THE DATA Start Marker

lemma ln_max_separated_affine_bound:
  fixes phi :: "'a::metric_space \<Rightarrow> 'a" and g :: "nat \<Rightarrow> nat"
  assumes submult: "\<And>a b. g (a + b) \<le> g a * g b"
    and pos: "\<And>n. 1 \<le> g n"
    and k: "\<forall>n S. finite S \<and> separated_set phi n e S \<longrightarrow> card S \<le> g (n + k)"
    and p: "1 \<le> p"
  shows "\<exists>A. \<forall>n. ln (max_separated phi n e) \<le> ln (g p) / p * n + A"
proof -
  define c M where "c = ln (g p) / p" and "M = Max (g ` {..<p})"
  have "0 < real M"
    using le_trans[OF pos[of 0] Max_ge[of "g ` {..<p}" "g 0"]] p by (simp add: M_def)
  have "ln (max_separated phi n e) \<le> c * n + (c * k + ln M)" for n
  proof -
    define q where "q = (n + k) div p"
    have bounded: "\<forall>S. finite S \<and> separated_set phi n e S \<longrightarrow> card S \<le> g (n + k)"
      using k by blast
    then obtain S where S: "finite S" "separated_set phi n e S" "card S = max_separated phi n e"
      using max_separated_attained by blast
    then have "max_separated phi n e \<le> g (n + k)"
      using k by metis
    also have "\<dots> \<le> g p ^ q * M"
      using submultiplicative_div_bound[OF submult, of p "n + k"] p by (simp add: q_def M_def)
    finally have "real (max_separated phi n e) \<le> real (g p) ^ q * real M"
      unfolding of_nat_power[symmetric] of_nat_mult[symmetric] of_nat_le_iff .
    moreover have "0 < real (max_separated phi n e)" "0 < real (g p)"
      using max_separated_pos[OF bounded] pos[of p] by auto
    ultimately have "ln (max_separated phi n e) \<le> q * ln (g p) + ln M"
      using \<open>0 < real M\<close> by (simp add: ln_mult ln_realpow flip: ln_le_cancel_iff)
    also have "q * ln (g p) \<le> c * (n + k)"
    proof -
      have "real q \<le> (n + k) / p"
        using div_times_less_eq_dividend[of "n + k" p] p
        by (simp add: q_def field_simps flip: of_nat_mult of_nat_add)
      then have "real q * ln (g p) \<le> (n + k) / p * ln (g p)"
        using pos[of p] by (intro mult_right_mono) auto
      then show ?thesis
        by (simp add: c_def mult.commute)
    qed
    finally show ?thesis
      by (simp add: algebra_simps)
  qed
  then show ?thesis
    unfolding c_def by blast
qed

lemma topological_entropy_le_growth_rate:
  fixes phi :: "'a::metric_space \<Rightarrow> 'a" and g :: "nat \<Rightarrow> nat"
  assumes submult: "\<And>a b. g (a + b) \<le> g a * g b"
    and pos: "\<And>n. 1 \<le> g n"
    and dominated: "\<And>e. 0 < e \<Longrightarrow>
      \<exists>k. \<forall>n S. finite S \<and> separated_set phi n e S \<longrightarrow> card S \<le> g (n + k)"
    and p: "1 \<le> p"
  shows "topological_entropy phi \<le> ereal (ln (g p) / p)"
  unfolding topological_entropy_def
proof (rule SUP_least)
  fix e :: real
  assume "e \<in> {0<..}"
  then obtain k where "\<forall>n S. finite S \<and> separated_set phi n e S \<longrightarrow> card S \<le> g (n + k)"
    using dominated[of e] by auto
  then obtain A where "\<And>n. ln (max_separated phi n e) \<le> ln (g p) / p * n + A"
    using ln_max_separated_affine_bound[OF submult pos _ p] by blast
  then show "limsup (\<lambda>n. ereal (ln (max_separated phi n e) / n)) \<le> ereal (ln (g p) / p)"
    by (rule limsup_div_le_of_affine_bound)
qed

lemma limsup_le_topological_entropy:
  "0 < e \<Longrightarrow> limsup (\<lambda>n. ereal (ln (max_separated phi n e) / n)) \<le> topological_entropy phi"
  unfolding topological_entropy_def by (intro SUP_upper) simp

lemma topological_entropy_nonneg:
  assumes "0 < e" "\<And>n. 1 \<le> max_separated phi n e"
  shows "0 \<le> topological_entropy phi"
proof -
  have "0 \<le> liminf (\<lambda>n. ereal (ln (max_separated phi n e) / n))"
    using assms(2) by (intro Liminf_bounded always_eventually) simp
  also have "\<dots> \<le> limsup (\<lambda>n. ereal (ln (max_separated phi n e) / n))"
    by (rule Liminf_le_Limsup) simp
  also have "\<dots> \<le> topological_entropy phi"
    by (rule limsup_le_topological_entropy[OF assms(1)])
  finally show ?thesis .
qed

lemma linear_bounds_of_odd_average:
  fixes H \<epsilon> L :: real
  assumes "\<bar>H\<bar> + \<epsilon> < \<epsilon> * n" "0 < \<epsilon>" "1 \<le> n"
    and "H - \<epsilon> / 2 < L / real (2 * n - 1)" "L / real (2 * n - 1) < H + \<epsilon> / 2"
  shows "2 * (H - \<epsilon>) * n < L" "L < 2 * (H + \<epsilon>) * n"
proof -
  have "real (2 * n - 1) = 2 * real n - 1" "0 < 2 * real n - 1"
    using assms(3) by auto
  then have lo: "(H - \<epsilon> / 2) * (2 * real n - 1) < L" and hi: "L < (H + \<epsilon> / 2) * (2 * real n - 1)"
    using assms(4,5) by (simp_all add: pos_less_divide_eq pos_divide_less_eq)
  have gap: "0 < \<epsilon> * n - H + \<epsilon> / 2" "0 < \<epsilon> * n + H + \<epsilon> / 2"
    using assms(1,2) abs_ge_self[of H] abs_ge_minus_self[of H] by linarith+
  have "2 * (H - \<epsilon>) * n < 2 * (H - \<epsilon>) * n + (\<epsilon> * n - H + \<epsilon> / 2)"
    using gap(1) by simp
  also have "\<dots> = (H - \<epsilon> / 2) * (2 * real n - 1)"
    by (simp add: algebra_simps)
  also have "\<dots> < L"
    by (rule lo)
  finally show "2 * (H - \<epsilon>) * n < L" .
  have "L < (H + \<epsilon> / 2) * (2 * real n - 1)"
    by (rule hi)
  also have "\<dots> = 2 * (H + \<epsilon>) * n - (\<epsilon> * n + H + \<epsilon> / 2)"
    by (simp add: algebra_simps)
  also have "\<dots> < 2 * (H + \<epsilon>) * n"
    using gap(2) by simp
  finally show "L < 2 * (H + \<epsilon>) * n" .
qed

THE DATA End Marker
THE DATA Start Marker

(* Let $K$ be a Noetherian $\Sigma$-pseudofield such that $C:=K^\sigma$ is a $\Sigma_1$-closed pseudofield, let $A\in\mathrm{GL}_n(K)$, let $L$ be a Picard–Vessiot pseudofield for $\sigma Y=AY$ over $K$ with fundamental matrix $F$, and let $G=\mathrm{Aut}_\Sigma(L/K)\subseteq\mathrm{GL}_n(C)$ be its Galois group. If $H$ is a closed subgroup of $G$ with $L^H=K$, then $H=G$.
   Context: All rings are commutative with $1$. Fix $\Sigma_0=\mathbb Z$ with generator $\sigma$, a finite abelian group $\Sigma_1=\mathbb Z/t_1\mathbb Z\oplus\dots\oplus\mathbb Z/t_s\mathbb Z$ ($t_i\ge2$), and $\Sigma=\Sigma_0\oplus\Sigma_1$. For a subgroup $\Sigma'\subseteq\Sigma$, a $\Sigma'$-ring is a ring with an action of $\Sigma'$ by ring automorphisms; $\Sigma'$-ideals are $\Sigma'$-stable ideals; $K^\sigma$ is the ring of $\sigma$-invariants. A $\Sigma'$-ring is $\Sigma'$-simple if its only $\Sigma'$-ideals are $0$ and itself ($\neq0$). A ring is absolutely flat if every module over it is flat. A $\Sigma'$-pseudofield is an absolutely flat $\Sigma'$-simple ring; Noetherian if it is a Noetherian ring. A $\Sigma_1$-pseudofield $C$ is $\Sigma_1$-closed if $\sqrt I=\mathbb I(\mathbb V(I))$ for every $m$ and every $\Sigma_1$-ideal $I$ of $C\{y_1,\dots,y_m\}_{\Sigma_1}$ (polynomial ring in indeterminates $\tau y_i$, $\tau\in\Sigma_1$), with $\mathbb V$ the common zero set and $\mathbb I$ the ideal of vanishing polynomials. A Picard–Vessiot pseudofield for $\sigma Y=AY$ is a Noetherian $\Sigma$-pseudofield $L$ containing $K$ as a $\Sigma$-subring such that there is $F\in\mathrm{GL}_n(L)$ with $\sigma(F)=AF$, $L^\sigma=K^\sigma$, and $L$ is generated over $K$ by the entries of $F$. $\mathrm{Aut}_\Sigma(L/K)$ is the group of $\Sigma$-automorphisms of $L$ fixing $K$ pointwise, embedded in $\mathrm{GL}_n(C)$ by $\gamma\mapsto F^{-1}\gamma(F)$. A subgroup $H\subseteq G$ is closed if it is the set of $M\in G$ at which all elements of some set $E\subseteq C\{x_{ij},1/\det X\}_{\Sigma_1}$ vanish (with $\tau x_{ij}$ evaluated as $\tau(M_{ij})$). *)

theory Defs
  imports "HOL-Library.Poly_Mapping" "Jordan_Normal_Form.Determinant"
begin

THE DATA End Marker

[WHAT YOU SHOULD DO]: Among the lines of the records, copy out each one that contains the word "also".

[SOLUTION]:
    also have "\<dots> \<le> g p ^ q * M"
    also have "q * ln (g p) \<le> c * (n + k)"
  also have "\<dots> \<le> limsup (\<lambda>n. ereal (ln (max_separated phi n e) / n))"
  also have "\<dots> \<le> topological_entropy phi"
  also have "\<dots> = (H - \<epsilon> / 2) * (2 * real n - 1)"
  also have "\<dots> < L"
  also have "\<dots> = 2 * (H + \<epsilon>) * n - (\<epsilon> * n + H + \<epsilon> / 2)"
  also have "\<dots> < 2 * (H + \<epsilon>) * n"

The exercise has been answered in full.